lemma quantize_err: "\<bar>quantize p a - a\<bar> \<le> dyad p"
proof (cases "\<bar>a\<bar> < dyad p")
  case False
  define e where "e = dyad p"
  have "e > 0" by (simp add: e_def dyad_pos)
  have "of_int \<lfloor>a / e\<rfloor> * e \<le> a" using \<open>e > 0\<close> by (simp add: pos_le_divide_eq[symmetric])
  moreover have "a < (of_int \<lfloor>a / e\<rfloor> + 1) * e" using \<open>e > 0\<close> by (simp add: pos_divide_less_eq[symmetric])
  moreover have "quantize p a = of_int \<lfloor>a / e\<rfloor> * e" using False by (simp add: quantize_def e_def)
  ultimately show ?thesis by (simp add: e_def algebra_simps abs_if)
qed (simp add: quantize_def)

lemma quantize_Rats: "quantize p a \<in> \<rat>"
  by (simp add: quantize_def dyad_Rats)

lemma quantize_nonzero: "quantize p a \<noteq> 0 \<Longrightarrow> \<bar>a\<bar> \<ge> dyad p"
  by (auto simp: quantize_def split: if_splits)

definition rounded_coords ::
    "(int \<times> nat \<Rightarrow> nat) \<Rightarrow> (nat \<Rightarrow> 'x::metric_space) \<Rightarrow> nat \<Rightarrow> 'x \<Rightarrow> nat \<Rightarrow> real" where "rounded_coords \<iota> xs p x i = (if i \<in> range \<iota> then quantize p (bump xs x (inv \<iota> i)) else 0)"

lemma rounded_coords_apply: "inj \<iota> \<Longrightarrow> rounded_coords \<iota> xs p x (\<iota> z) = quantize p (bump xs x z)"
  by (simp add: rounded_coords_def)
(* A graph is given by a vertex set V and a symmetric adjacency predicate. *)

definition induces_connected :: "('a \<Rightarrow> 'a \<Rightarrow> bool) \<Rightarrow> 'a set \<Rightarrow> bool" where
  "induces_connected adj B \<longleftrightarrow> B \<noteq> {} \<and>
     (\<forall>x\<in>B. \<forall>y\<in>B. (\<lambda>u v. adj u v \<and> u \<in> B \<and> v \<in> B)\<^sup>*\<^sup>* x y)"

definition connected_partition :: "'a set \<Rightarrow> ('a \<Rightarrow> 'a \<Rightarrow> bool) \<Rightarrow> 'a set set \<Rightarrow> bool" where
  "connected_partition V adj P \<longleftrightarrow> partition_on V P \<and> (\<forall>B\<in>P. induces_connected adj B)"

(* type of a partition: the multiset of block sizes (an integer partition of |V|;
   listing it in decreasing order is just a presentation of this multiset) *)
definition partition_type :: "'a set set \<Rightarrow> nat multiset" where
  "partition_type P = image_mset card (mset_set P)"

definition has_connected_partition_of_type ::
  "'a set \<Rightarrow> ('a \<Rightarrow> 'a \<Rightarrow> bool) \<Rightarrow> nat multiset \<Rightarrow> bool" where
  "has_connected_partition_of_type V adj \<mu> \<longleftrightarrow>
     (\<exists>P. connected_partition V adj P \<and> partition_type P = \<mu>)"

(* Spider S(lams!0, ..., lams!(d-1)): center (0,0); the t-th vertex (1 <= t <= lams!k)
   of leg k is (Suc k, t); the center is joined to (Suc k, 1). *)
definition spider_vertices :: "nat list \<Rightarrow> (nat \<times> nat) set" where
  "spider_vertices lams = {(0,0)} \<union> {(Suc k, t) | k t. k < length lams \<and> 1 \<le> t \<and> t \<le> lams ! k}"

definition spider_adj :: "nat list \<Rightarrow> nat \<times> nat \<Rightarrow> nat \<times> nat \<Rightarrow> bool" where
  "spider_adj lams u v \<longleftrightarrow> u \<in> spider_vertices lams \<and> v \<in> spider_vertices lams \<and>
     ((u = (0,0) \<and> snd v = 1) \<or> (v = (0,0) \<and> snd u = 1) \<or>
      (fst u = fst v \<and> fst u \<noteq> 0 \<and> (snd v = Suc (snd u) \<or> snd u = Suc (snd v))))"

definition merge_legs :: "nat list \<Rightarrow> nat \<Rightarrow> nat \<Rightarrow> nat list" where
  "merge_legs lams i j =
     [lams ! k. k \<leftarrow> [0..<length lams], k \<noteq> i \<and> k \<noteq> j] @ [lams ! i + lams ! j]"

end

theory Submission
  imports Defs
begin
theorem mainTheorem4:
  fixes r T N B1 B2 :: "real \<Rightarrow> real^4"
    and k1 k2 k3 U V W X :: "real \<Rightarrow> real"
    and l m n p :: "real \<Rightarrow> real \<Rightarrow> real"
    and L1 L2 T1 T2 Q1 Q2 t0 q0 :: real
  assumes "L1 < L2" and "T1 < T2" and "Q1 < Q2"
    and "t0 \<in> {T1..T2}" and "q0 \<in> {Q1..Q2}"
    and "frenet4 L1 L2 r T N B1 B2 k1 k2 k3"
    and "C1_on ({L1..L2} \<times> {Q1..Q2}) (\<lambda>(s, q). l s q)"
    and "C1_on ({L1..L2} \<times> {Q1..Q2}) (\<lambda>(s, q). m s q)"
    and "C1_on ({L1..L2} \<times> {Q1..Q2}) (\<lambda>(s, q). n s q)"
    and "C1_on ({L1..L2} \<times> {Q1..Q2}) (\<lambda>(s, q). p s q)"
    and "C1_on {T1..T2} U" and "C1_on {T1..T2} V"
    and "C1_on {T1..T2} W" and "C1_on {T1..T2} X"
    and "U t0 = 0" and "vector_derivative U (at t0 within {T1..T2}) = 0"
    and "V t0 = 0" and "vector_derivative V (at t0 within {T1..T2}) = 0"
  shows "isogeodesic L1 L2 T1 T2 Q1 Q2 r N
           (\<lambda>s t q. r s + (l s q * U t) *\<^sub>R T s + (m s q * V t) *\<^sub>R N s
                      + (n s q * W t) *\<^sub>R B1 s + (p s q * X t) *\<^sub>R B2 s) t0 q0
         \<longleftrightarrow>
         (\<forall>s\<in>{L1..L2}.
            n s q0 * W t0 = 0 \<and> p s q0 * X t0 = 0 \<and>
            n s q0 * vector_derivative W (at t0 within {T1..T2})
              * vector_derivative (\<lambda>q. p s q) (at q0 within {Q1..Q2}) * X t0
            - vector_derivative (\<lambda>q. n s q) (at q0 within {Q1..Q2}) * W t0 * p s q0
              * vector_derivative X (at t0 within {T1..T2}) \<noteq> 0)"
    (is "isogeodesic _ _ _ _ _ _ _ _ ?P _ _ \<longleftrightarrow> _")
proof -
  let ?I = "{L1..L2}" and ?J = "{T1..T2}" and ?K = "{Q1..Q2}"
  let ?W' = "vector_derivative W (at t0 within ?J)" and ?X' = "vector_derivative X (at t0 within ?J)"
  let ?nq = "\<lambda>s. vector_derivative (\<lambda>q. n s q) (at q0 within ?K)"
    and ?pq = "\<lambda>s. vector_derivative (\<lambda>q. p s q) (at q0 within ?K)"
  note frame = frenet4_orthonormal_frame[OF assms(6)]
  have on_curve: "?P s t0 q0 = r s \<longleftrightarrow> n s q0 * W t0 = 0 \<and> p s q0 * X t0 = 0" if "s \<in> ?I" for s
    using binormal_combination_eq_0_iff[OF frame[OF that]] assms(15,17) by (simp add: add.assoc)
  note dt = has_vector_derivative_mult_right[OF C1_on_has_vector_derivative[OF _ assms(4)]]
  note dq = has_vector_derivative_mult_left[OF C1_on_Times_has_vector_derivative_snd[OF _ _ assms(5)]]
  have Pt: "vector_derivative (\<lambda>\<tau>. ?P s \<tau> q0) (at t0 within ?J)
      = (n s q0 * ?W') *\<^sub>R B1 s + (p s q0 * ?X') *\<^sub>R B2 s" for s
    unfolding vector_derivative_frame_combination[OF assms(2,4) dt dt dt dt, OF assms(11-14)]
    using assms(16,18) by simp
  have Pq: "vector_derivative (\<lambda>\<rho>. ?P s t0 \<rho>) (at q0 within ?K)
      = (?nq s * W t0) *\<^sub>R B1 s + (?pq s * X t0) *\<^sub>R B2 s" if "s \<in> ?I" for s
    unfolding vector_derivative_frame_combination[OF assms(3,5) dq dq dq dq,
        OF assms(7) that assms(8) that assms(9) that assms(10) that]
    using assms(15,17) by simp
  have condition: "(let Pt = vector_derivative (\<lambda>\<tau>. ?P s \<tau> q0) (at t0 within ?J);
                        Pq = vector_derivative (\<lambda>\<rho>. ?P s t0 \<rho>) (at q0 within ?K)
                    in lin_indep3 (T s) Pt Pq \<and> parallel (N s) (cross4 (T s) Pt Pq))
      \<longleftrightarrow> n s q0 * ?W' * ?pq s * X t0 - ?nq s * W t0 * p s q0 * ?X' \<noteq> 0" if "s \<in> ?I" for s
    unfolding Let_def Pt Pq[OF that] binormal_plane_isogeodesic_condition_iff[OF frame[OF that]]
    by (simp add: algebra_simps)
  show ?thesis
    unfolding isogeodesic_iff_along_curve[OF assms(1) frenet4_has_vector_derivative[OF assms(6)]]
      ball_conj_distrib[symmetric]
    using on_curve condition by (simp only: conj_assoc cong: ball_cong)
qed

end
(* Let $\Phi$ be a root system of affine type and $c$ a Coxeter element. A root $\alpha\in\Phi_c\setminus\{\delta\}$ is $c$-compatible with $\delta$ (i.e. $(\alpha\|\delta)_c=0$) if and only if $\alpha\in\Upsilon^{\mathrm{re}}_c$.
   Context: $A=[a_{ij}]$ is an $n\times n$ symmetrizable Cartan matrix of affine type with symmetrizing constants $d_i$; $V$ has basis of simple roots $\Pi=\{\alpha_1,\dots,\alpha_n\}$, co-roots $\alpha_i^\vee=d_i^{-1}\alpha_i$, symmetric form $K(\alpha_i^\vee,\alpha_j)=a_{ij}$, reflections $s_i(v)=v-K(\alpha_i^\vee,v)\alpha_i$. $\Phi$ is the root system, $\Phi^+$ the positive roots; $[v:\alpha_i]$, $[v:\alpha_i^\vee]$ coordinates in root and co-root bases; $[x]_+=\max(x,0)$; $\beta^\vee=\frac2{K(\beta,\beta)}\beta$ for real roots, $(-\alpha_i)^\vee=-\alpha_i^\vee$; $\delta$ is the positive imaginary root closest to $0$ and $\delta^\vee$ the positive imaginary root closest to $0$ of the dual root system (Cartan matrix $A^T$). The Coxeter element is indexed $c=s_1\cdots s_n$. With $\alpha_{\mathrm{aff}}$ the affine simple root, $V_{\mathrm{fin}}$ the span of the others, $\Phi_{\mathrm{fin}}=\Phi\cap V_{\mathrm{fin}}$: $\gamma_c\in V_{\mathrm{fin}}$ unique with $c\gamma_c=\gamma_c+\delta$, $U_c=\{v:K(\gamma_c,v)=0\}$, $\Upsilon_c=\Phi\cap U_c$, $\Upsilon^{\mathrm{re}}_c$ the positive real roots in $U_c$ whose $c$-orbit contains a root of $\Phi_{\mathrm{fin}}$, $\Phi_c=-\Pi\cup(\Phi^+\setminus U_c)\cup\Upsilon^{\mathrm{re}}_c\cup\{\delta\}$. Real roots of $\Upsilon_c$ form a root system with irreducible components of affine type A; $\Pi_c$ is the unique minimal subset of $\Upsilon_c\cap\Phi^+$ whose nonnegative span contains $\Upsilon_c\cap\Phi^+$. Tube support $\mathrm{Supp}_{\Pi_c}(\beta)$: elements of $\Pi_c$ with nonzero coefficient in the unique expansion of $\beta$ in simple roots of its component; union for sets; component-full: containing all simple roots of some component. $\mathrm{adj}(\alpha,\beta)$ counts elements $\beta_j$ of $\mathrm{Supp}_{\Pi_c}(\beta)$ with $\beta_j\in\mathrm{Supp}_{\Pi_c}(c\alpha)\cup\mathrm{Supp}_{\Pi_c}(c^{-1}\alpha)$ and $\beta_j\notin\mathrm{Supp}_{\Pi_c}(\alpha)$. $(\alpha\|\beta)_c^{\to}=-\sum_{i}[\alpha^\vee:\alpha_i^\vee][\beta:\alpha_i]-\sum_{j<i}a_{ij}[\alpha^\vee:\alpha_i^\vee]_+[\beta:\alpha_j]_+$, $(\alpha\|\beta)_c^{\leftarrow}=-\sum_{i}[\alpha^\vee:\alpha_i^\vee][\beta:\alpha_i]-\sum_{i<j}a_{ij}[\alpha^\vee:\alpha_i^\vee]_+[\beta:\alpha_j]_+$; $(\alpha\|\beta)_c=\mathrm{adj}(\alpha,\beta)$ if $\alpha,\beta\in\Upsilon^{\mathrm{re}}_c$ and $\{\alpha,\beta\}$ is component-full, otherwise the maximum of these two. Distinct roots are $c$-compatible when their compatibility degree is $0$. *)

theory Defs
  imports Complex_Main
begin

#####

▶ [What the exercise asks]
Retype, in the same exact form, the lines of the material above from the line holding "(* type of a" through the line holding "list \<Rightarrow> nat \<times>".

▶ [Answer to this task]
(* type of a partition: the multiset of block sizes (an integer partition of |V|;
   listing it in decreasing order is just a presentation of this multiset) *)
definition partition_type :: "'a set set \<Rightarrow> nat multiset" where
  "partition_type P = image_mset card (mset_set P)"

definition has_connected_partition_of_type ::
  "'a set \<Rightarrow> ('a \<Rightarrow> 'a \<Rightarrow> bool) \<Rightarrow> nat multiset \<Rightarrow> bool" where
  "has_connected_partition_of_type V adj \<mu> \<longleftrightarrow>
     (\<exists>P. connected_partition V adj P \<and> partition_type P = \<mu>)"

(* Spider S(lams!0, ..., lams!(d-1)): center (0,0); the t-th vertex (1 <= t <= lams!k)
   of leg k is (Suc k, t); the center is joined to (Suc k, 1). *)
definition spider_vertices :: "nat list \<Rightarrow> (nat \<times> nat) set" where
  "spider_vertices lams = {(0,0)} \<union> {(Suc k, t) | k t. k < length lams \<and> 1 \<le> t \<and> t \<le> lams ! k}"

definition spider_adj :: "nat list \<Rightarrow> nat \<times> nat \<Rightarrow> nat \<times> nat \<Rightarrow> bool" where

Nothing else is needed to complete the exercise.